(* Assume the standing assumptions, and let $p_0:(0,\infty)\to(0,\infty)$ be the inverse function of $\mathcal L$, i.e. $\mathcal L(p_0(z))=z$. Then $p_0$ is strictly superadditive: $$p_0(x+y)>p_0(x)+p_0(y)\qquad\text{for all } x,y>0.$$ In particular, $p_0(n\beta)>\sum_{j=1}^k p_0(m_j\beta)$ whenever $\beta>0$, $k\ge2$, $m_1,\dots,m_k\in\mathbb N$ and $n=m_1+\dots+m_k$.
   Context: Standing assumptions: $k:(0,\infty)\to[0,\infty)$ is locally integrable, its Laplace transform $\mathcal K(p)=\int_0^\infty e^{-pt}k(t)\,dt$ is finite for $p>0$ and is a Stieltjes function, and $\mathcal L(p)=p\mathcal K(p)$. Moreover $\mathcal K(p)\to\infty$ as $p\to0^+$, $\mathcal K(p)\to0$ as $p\to\infty$, $\mathcal L(p)\to0$ as $p\to0^+$, and $\mathcal L(p)\to\infty$ as $p\to\infty$. A Stieltjes function is $\varphi(\lambda)=a/\lambda+b+\int_{[0,\infty)}\frac{\sigma(dt)}{\lambda+t}$ with $a,b\ge0$ and $\sigma$ a Borel measure on $[0,\infty)$ with $\int(1+t)^{-1}\sigma(dt)<\infty$. Under these assumptions $\mathcal L(p)=\int_{[0,\infty)}\frac{p}{p+t}\sigma(dt)$ for such a measure, and $\mathcal L$ is a strictly increasing bijection of $(0,\infty)$ onto itself. *)

theory Defs
  imports "HOL-Analysis.Analysis"
begin

definition stieltjes_function :: "(real \<Rightarrow> real) \<Rightarrow> bool" where
  "stieltjes_function \<phi> \<longleftrightarrow>
     (\<exists>a b (\<sigma> :: real measure).
        a \<ge> 0 \<and> b \<ge> 0 \<and> sets \<sigma> = sets borel \<and> emeasure \<sigma> {..<0} = 0 \<and>
        integrable \<sigma> (\<lambda>t. 1 / (1 + t)) \<and>
        (\<forall>l>0. \<phi> l = a / l + b + (\<integral>t. 1 / (l + t) \<partial>\<sigma>)))"

definition laplace :: "(real \<Rightarrow> real) \<Rightarrow> real \<Rightarrow> real" where
  "laplace k p = (LINT t:{0<..}|lborel. exp (- p * t) * k t)"

end

theory Submission
  imports Defs
begin

text \<open>Write \<open>L p = p * K p\<close>. The Stieltjes representation gives
  \<open>L p = a + b p + \<integral> p / (p + t) d\<sigma>(t)\<close>, and each integrand \<open>p / (p + t)\<close> (\<open>t \<ge> 0\<close>) is
  nondecreasing and strictly subadditive in \<open>p\<close>. Hence \<open>L\<close> is nondecreasing and strictly
  subadditive as soon as \<open>a > 0\<close> or \<open>\<sigma> \<noteq> 0\<close>, i.e.\ unless \<open>K\<close> is constant, which
  \<open>K(0+) = \<infinity>\<close> excludes. If \<open>p\<^sub>0(x + y) \<le> p\<^sub>0 x + p\<^sub>0 y\<close>, applying \<open>L\<close> would give
  \<open>x + y \<le> L (p\<^sub>0 x + p\<^sub>0 y) < x + y\<close>.\<close>

lemma AE_nonneg_if_negative_null:
  fixes \<sigma> :: "real measure"
  assumes "sets \<sigma> = sets borel" and "emeasure \<sigma> {..<0} = 0"
  shows "AE t in \<sigma>. 0 \<le> t"
  by (rule AE_I'[of "{..<0}"])
    (auto simp: null_sets_def assms sets_eq_imp_space_eq[OF assms(1)])

lemma integrable_inverse_shift:
  fixes \<sigma> :: "real measure"
  assumes sets: "sets \<sigma> = sets borel" and nonneg: "AE t in \<sigma>. 0 \<le> t"
    and int: "integrable \<sigma> (\<lambda>t. 1 / (1 + t))" and "l > 0"
  shows "integrable \<sigma> (\<lambda>t. 1 / (l + t))"
proof (rule Bochner_Integration.integrable_bound[OF integrable_mult_right[OF int]])
  define c where "c = max 1 (1 / l)"
  show "(\<lambda>t. 1 / (l + t)) \<in> borel_measurable \<sigma>"
    unfolding measurable_cong_sets[OF sets refl] by measurable
  have "c \<ge> 1" and "c * l \<ge> 1"
    using \<open>l > 0\<close> by (auto simp: c_def field_simps max_def)
  show "AE t in \<sigma>. norm (1 / (l + t)) \<le> norm (c * (1 / (1 + t)))"
    using nonneg
  proof eventually_elim
    case (elim t)
    have "1 + t \<le> c * (l + t)"
      using \<open>c \<ge> 1\<close> \<open>c * l \<ge> 1\<close> mult_right_mono[OF \<open>c \<ge> 1\<close> elim]
      by (simp add: distrib_left)
    then show ?case
      using elim \<open>l > 0\<close> \<open>c \<ge> 1\<close> by (auto simp: field_simps)
  qed
qed

lemma stieltjes_function_times_repr:
  assumes "stieltjes_function \<phi>"
  obtains a b and \<sigma> :: "real measure"
  where "a \<ge> 0" "b \<ge> 0" "AE t in \<sigma>. 0 \<le> t"
    "\<And>l. l > 0 \<Longrightarrow> integrable \<sigma> (\<lambda>t. l / (l + t))"
    "\<And>l. l > 0 \<Longrightarrow> l * \<phi> l = a + b * l + (\<integral>t. l / (l + t) \<partial>\<sigma>)"
proof -
  obtain a b and \<sigma> :: "real measure" where "a \<ge> 0" "b \<ge> 0"
    and sets: "sets \<sigma> = sets borel" and null: "emeasure \<sigma> {..<0} = 0"
    and int: "integrable \<sigma> (\<lambda>t. 1 / (1 + t))"
    and repr: "\<And>l. l > 0 \<Longrightarrow> \<phi> l = a / l + b + (\<integral>t. 1 / (l + t) \<partial>\<sigma>)"
    using assms unfolding stieltjes_function_def by blast
  have nonneg: "AE t in \<sigma>. 0 \<le> t"
    using AE_nonneg_if_negative_null[OF sets null] .
  show thesis
  proof (rule that[OF \<open>a \<ge> 0\<close> \<open>b \<ge> 0\<close> nonneg])
    fix l :: real assume "l > 0"
    show "integrable \<sigma> (\<lambda>t. l / (l + t))"
      using integrable_mult_right[OF integrable_inverse_shift[OF sets nonneg int \<open>l > 0\<close>], where c = l]
      by simp
    have "(\<integral>t. l / (l + t) \<partial>\<sigma>) = l * (\<integral>t. 1 / (l + t) \<partial>\<sigma>)"
      using integral_mult_right_zero[where c = l and M = \<sigma> and f = "\<lambda>t. 1 / (l + t)"] by simp
    then show "l * \<phi> l = a + b * l + (\<integral>t. l / (l + t) \<partial>\<sigma>)"
      using repr[OF \<open>l > 0\<close>] \<open>l > 0\<close> by (simp add: distrib_left)
  qed
qed

lemma stieltjes_times_mono:
  assumes "stieltjes_function \<phi>" and "0 < p" and "p \<le> q"
  shows "p * \<phi> p \<le> q * \<phi> q"
proof -
  obtain a b and \<sigma> :: "real measure" where "a \<ge> 0" "b \<ge> 0" and nonneg: "AE t in \<sigma>. 0 \<le> t"
    and int: "\<And>l. l > 0 \<Longrightarrow> integrable \<sigma> (\<lambda>t. l / (l + t))"
    and repr: "\<And>l. l > 0 \<Longrightarrow> l * \<phi> l = a + b * l + (\<integral>t. l / (l + t) \<partial>\<sigma>)"
    by (rule stieltjes_function_times_repr[OF assms(1)]) blast
  have "(\<integral>t. p / (p + t) \<partial>\<sigma>) \<le> (\<integral>t. q / (q + t) \<partial>\<sigma>)"
  proof (rule integral_mono_AE[OF int int])
    show "AE t in \<sigma>. p / (p + t) \<le> q / (q + t)"
      using nonneg
    proof eventually_elim
      case (elim t)
      have "p * (q + t) \<le> q * (p + t)"
        using mult_right_mono[OF \<open>p \<le> q\<close> elim] by (simp add: algebra_simps)
      then show ?case
        using assms elim by (simp add: divide_simps)
    qed
  qed (use assms in auto)
  moreover have "b * p \<le> b * q"
    using \<open>p \<le> q\<close> \<open>b \<ge> 0\<close> by (rule mult_left_mono)
  moreover have "0 < q"
    using assms by simp
  ultimately show ?thesis
    using repr[OF \<open>0 < p\<close>] repr[OF \<open>0 < q\<close>] by linarith
qed

lemma stieltjes_times_strict_subadd:
  assumes "stieltjes_function \<phi>" and nonconst: "\<not> (\<exists>c. \<forall>l>0. \<phi> l = c)"
    and "0 < p" and "0 < q"
  shows "(p + q) * \<phi> (p + q) < p * \<phi> p + q * \<phi> q"
proof -
  obtain a b and \<sigma> :: "real measure" where "a \<ge> 0" "b \<ge> 0" and nonneg: "AE t in \<sigma>. 0 \<le> t"
    and int: "\<And>l. l > 0 \<Longrightarrow> integrable \<sigma> (\<lambda>t. l / (l + t))"
    and repr: "\<And>l. l > 0 \<Longrightarrow> l * \<phi> l = a + b * l + (\<integral>t. l / (l + t) \<partial>\<sigma>)"
    by (rule stieltjes_function_times_repr[OF assms(1)]) blast
  define f where "f t = p / (p + t) + q / (q + t) - (p + q) / (p + q + t)" for t
  have int_p: "integrable \<sigma> (\<lambda>t. p / (p + t))"
    and int_q: "integrable \<sigma> (\<lambda>t. q / (q + t))"
    and int_pq: "integrable \<sigma> (\<lambda>t. (p + q) / (p + q + t))"
    using int assms by auto
  have int_f: "integrable \<sigma> f"
    unfolding f_def using int_p int_q int_pq by auto
  have integral_f: "(\<integral>t. f t \<partial>\<sigma>) = (\<integral>t. p / (p + t) \<partial>\<sigma>) + (\<integral>t. q / (q + t) \<partial>\<sigma>)
      - (\<integral>t. (p + q) / (p + q + t) \<partial>\<sigma>)"
    unfolding f_def using int_p int_q int_pq by simp
  have f_pos: "AE t in \<sigma>. 0 < f t"
    using nonneg
  proof eventually_elim
    case (elim t)
    have "p / (p + q + t) < p / (p + t)" and "q / (p + q + t) < q / (q + t)"
      using assms elim by (simp_all add: divide_simps)
    then show ?case
      unfolding f_def by (simp add: add_divide_distrib)
  qed
  have f_nonneg: "AE t in \<sigma>. 0 \<le> f t"
    using f_pos by (auto elim: eventually_mono)
  have "0 < a + (\<integral>t. f t \<partial>\<sigma>)"
  proof (rule ccontr)
    assume "\<not> 0 < a + (\<integral>t. f t \<partial>\<sigma>)"
    moreover have "0 \<le> (\<integral>t. f t \<partial>\<sigma>)"
      using f_nonneg by (rule integral_nonneg_AE)
    ultimately have "a = 0" and "(\<integral>t. f t \<partial>\<sigma>) = 0"
      using \<open>a \<ge> 0\<close> by auto
    then have "AE t in \<sigma>. f t = 0"
      using integral_nonneg_eq_0_iff_AE[OF int_f f_nonneg] by simp
    with f_pos have null: "AE t in \<sigma>. False"
      by eventually_elim simp
    have "(\<integral>t. l / (l + t) \<partial>\<sigma>) = 0" for l
      by (intro integral_eq_zero_AE eventually_mono[OF null]) simp
    then have "\<forall>l>0. \<phi> l = b"
      using repr \<open>a = 0\<close> by (simp add: mult.commute[of b])
    with nonconst show False by blast
  qed
  moreover have "0 < p + q"
    using assms by simp
  ultimately show ?thesis
    using repr[OF \<open>0 < p\<close>] repr[OF \<open>0 < q\<close>] repr[OF \<open>0 < p + q\<close>] integral_f
      distrib_left[of b p q] by linarith
qed

lemma superadd_inverse_of_strict_subadd:
  fixes L p0 :: "real \<Rightarrow> real"
  assumes mono: "\<And>p q. 0 < p \<Longrightarrow> p \<le> q \<Longrightarrow> L p \<le> L q"
    and subadd: "\<And>p q. 0 < p \<Longrightarrow> 0 < q \<Longrightarrow> L (p + q) < L p + L q"
    and inverse: "\<And>z. 0 < z \<Longrightarrow> 0 < p0 z \<and> L (p0 z) = z"
    and "0 < x" and "0 < y"
  shows "p0 x + p0 y < p0 (x + y)"
proof (rule ccontr)
  assume "\<not> p0 x + p0 y < p0 (x + y)"
  then have "x + y \<le> L (p0 x + p0 y)"
    using mono[of "p0 (x + y)"] inverse assms(4,5) by (metis add_pos_pos linorder_not_less)
  also have "\<dots> < x + y"
    using subadd[of "p0 x" "p0 y"] inverse assms(4,5) by auto
  finally show False by simp
qed

lemma sum_le_superadd:
  fixes f :: "real \<Rightarrow> real"
  assumes superadd: "\<And>x y. 0 < x \<Longrightarrow> 0 < y \<Longrightarrow> f x + f y < f (x + y)"
    and "finite A" and "A \<noteq> {}" and pos: "\<And>i. i \<in> A \<Longrightarrow> 0 < g i"
  shows "(\<Sum>i\<in>A. f (g i)) \<le> f (\<Sum>i\<in>A. g i)"
  using assms(2-3) pos
proof (induction A rule: finite_ne_induct)
  case (insert i F)
  have "0 < (\<Sum>j\<in>F. g j)"
    using insert by (intro sum_pos) auto
  then have "f (g i) + f (\<Sum>j\<in>F. g j) < f (g i + (\<Sum>j\<in>F. g j))"
    using superadd insert.prems by simp
  with insert show ?case by simp
qed simp

lemma sum_less_superadd:
  fixes f :: "real \<Rightarrow> real"
  assumes superadd: "\<And>x y. 0 < x \<Longrightarrow> 0 < y \<Longrightarrow> f x + f y < f (x + y)"
    and "finite A" and "2 \<le> card A" and pos: "\<And>i. i \<in> A \<Longrightarrow> 0 < g i"
  shows "(\<Sum>i\<in>A. f (g i)) < f (\<Sum>i\<in>A. g i)"
proof -
  obtain i where "i \<in> A"
    using \<open>2 \<le> card A\<close> by fastforce
  define F where "F = A - {i}"
  have "finite F" and "card F = card A - 1"
    using \<open>i \<in> A\<close> \<open>finite A\<close> by (simp_all add: F_def)
  then have "F \<noteq> {}"
    using \<open>2 \<le> card A\<close> by auto
  have split: "(\<Sum>j\<in>A. h j) = h i + (\<Sum>j\<in>F. h j)" for h :: "_ \<Rightarrow> real"
    using \<open>i \<in> A\<close> \<open>finite A\<close> by (simp add: F_def sum.remove)
  have pos_F: "\<And>j. j \<in> F \<Longrightarrow> 0 < g j"
    using pos by (simp add: F_def)
  have "0 < (\<Sum>j\<in>F. g j)"
    using \<open>finite F\<close> \<open>F \<noteq> {}\<close> pos_F by (rule sum_pos)
  have "(\<Sum>j\<in>A. f (g j)) = f (g i) + (\<Sum>j\<in>F. f (g j))"
    by (rule split)
  also have "\<dots> \<le> f (g i) + f (\<Sum>j\<in>F. g j)"
    by (intro add_left_mono sum_le_superadd[where f = f and g = g, OF superadd
          \<open>finite F\<close> \<open>F \<noteq> {}\<close> pos_F])
  also have "\<dots> < f (g i + (\<Sum>j\<in>F. g j))"
    using superadd[OF pos[OF \<open>i \<in> A\<close>] \<open>0 < (\<Sum>j\<in>F. g j)\<close>] .
  also have "\<dots> = f (\<Sum>j\<in>A. g j)"
    by (simp only: split[of g])
  finally show ?thesis .
qed

lemma not_constant_if_filterlim_at_top:
  fixes \<phi> :: "real \<Rightarrow> real"
  assumes "filterlim \<phi> at_top (at_right 0)"
  shows "\<not> (\<exists>c. \<forall>l>0. \<phi> l = c)"
proof
  assume "\<exists>c. \<forall>l>0. \<phi> l = c"
  then obtain c where "\<forall>l>0. \<phi> l = c" ..
  then have "\<forall>\<^sub>F l in at_right 0. \<phi> l = c"
    using eventually_at_right_less[of 0] by (auto elim: eventually_mono)
  moreover have "\<forall>\<^sub>F l in at_right 0. c + 1 \<le> \<phi> l"
    using assms by (simp add: filterlim_at_top)
  ultimately have "\<forall>\<^sub>F l in at_right (0::real). False"
    by eventually_elim simp
  then show False by simp
qed

theorem lemma4p1:
  fixes k :: "real \<Rightarrow> real" and p0 :: "real \<Rightarrow> real"
  assumes k_nonneg: "\<forall>t>0. k t \<ge> 0"
    and k_locint: "\<forall>a b. 0 < a \<and> a \<le> b \<longrightarrow> set_integrable lborel {a..b} k"
    and laplace_finite: "\<forall>p>0. set_integrable lborel {0<..} (\<lambda>t. exp (- p * t) * k t)"
    and stieltjes: "stieltjes_function (laplace k)"
    and K_at_0: "filterlim (laplace k) at_top (at_right 0)"
    and K_at_top: "(laplace k \<longlongrightarrow> 0) at_top"
    and L_at_0: "((\<lambda>p. p * laplace k p) \<longlongrightarrow> 0) (at_right 0)"
    and L_at_top: "filterlim (\<lambda>p. p * laplace k p) at_top at_top"
    and p0_inv: "\<forall>z>0. p0 z > 0 \<and> p0 z * laplace k (p0 z) = z"
  shows "(\<forall>x>0. \<forall>y>0. p0 (x + y) > p0 x + p0 y) \<and>
         (\<forall>\<beta>>0. \<forall>r::nat. \<forall>m::nat \<Rightarrow> nat.
            r \<ge> 2 \<and> (\<forall>j\<in>{1..r}. m j \<ge> 1) \<longrightarrow>
            p0 (real (\<Sum>j=1..r. m j) * \<beta>) > (\<Sum>j=1..r. p0 (real (m j) * \<beta>)))"
proof -
  \<comment> \<open>Only the Stieltjes property, \<open>K(0+) = \<infinity>\<close> and the inverse property of \<open>p0\<close> are needed.\<close>
  have superadd: "p0 x + p0 y < p0 (x + y)" if "0 < x" "0 < y" for x y
  proof (rule superadd_inverse_of_strict_subadd[where L = "\<lambda>p. p * laplace k p"])
    show "p * laplace k p \<le> q * laplace k q" if "0 < p" "p \<le> q" for p q
      using stieltjes_times_mono[OF stieltjes that] .
    show "(p + q) * laplace k (p + q) < p * laplace k p + q * laplace k q"
      if "0 < p" "0 < q" for p q
      using stieltjes_times_strict_subadd[OF stieltjes
          not_constant_if_filterlim_at_top[OF K_at_0] that] .
  qed (use p0_inv that in auto)
  moreover have "(\<Sum>j=1..r. p0 (real (m j) * \<beta>)) < p0 (real (\<Sum>j=1..r. m j) * \<beta>)"
    if "0 < \<beta>" "2 \<le> r" "\<forall>j\<in>{1..r}. 1 \<le> m j"
    for \<beta> and r :: nat and m :: "nat \<Rightarrow> nat"
  proof -
    have "0 < real (m j) * \<beta>" if "j \<in> {1..r}" for j
      using \<open>0 < \<beta>\<close> \<open>\<forall>j\<in>{1..r}. 1 \<le> m j\<close> that by force
    then have "(\<Sum>j=1..r. p0 (real (m j) * \<beta>)) < p0 (\<Sum>j=1..r. real (m j) * \<beta>)"
      using \<open>2 \<le> r\<close> by (intro sum_less_superadd[where f = p0] superadd) auto
    then show ?thesis
      by (simp add: sum_distrib_right)
  qed
  ultimately show ?thesis by auto
qed

end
────────────────
_Task description:_ Search the records for the word "infinity" and copy every line where it occurs.

_Answer space:_
  \<open>K(0+) = \<infinity>\<close> excludes. If \<open>p\<^sub>0(x + y) \<le> p\<^sub>0 x + p\<^sub>0 y\<close>, applying \<open>L\<close> would give
  \<comment> \<open>Only the Stieltjes property, \<open>K(0+) = \<infinity>\<close> and the inverse property of \<open>p0\<close> are needed.\<close>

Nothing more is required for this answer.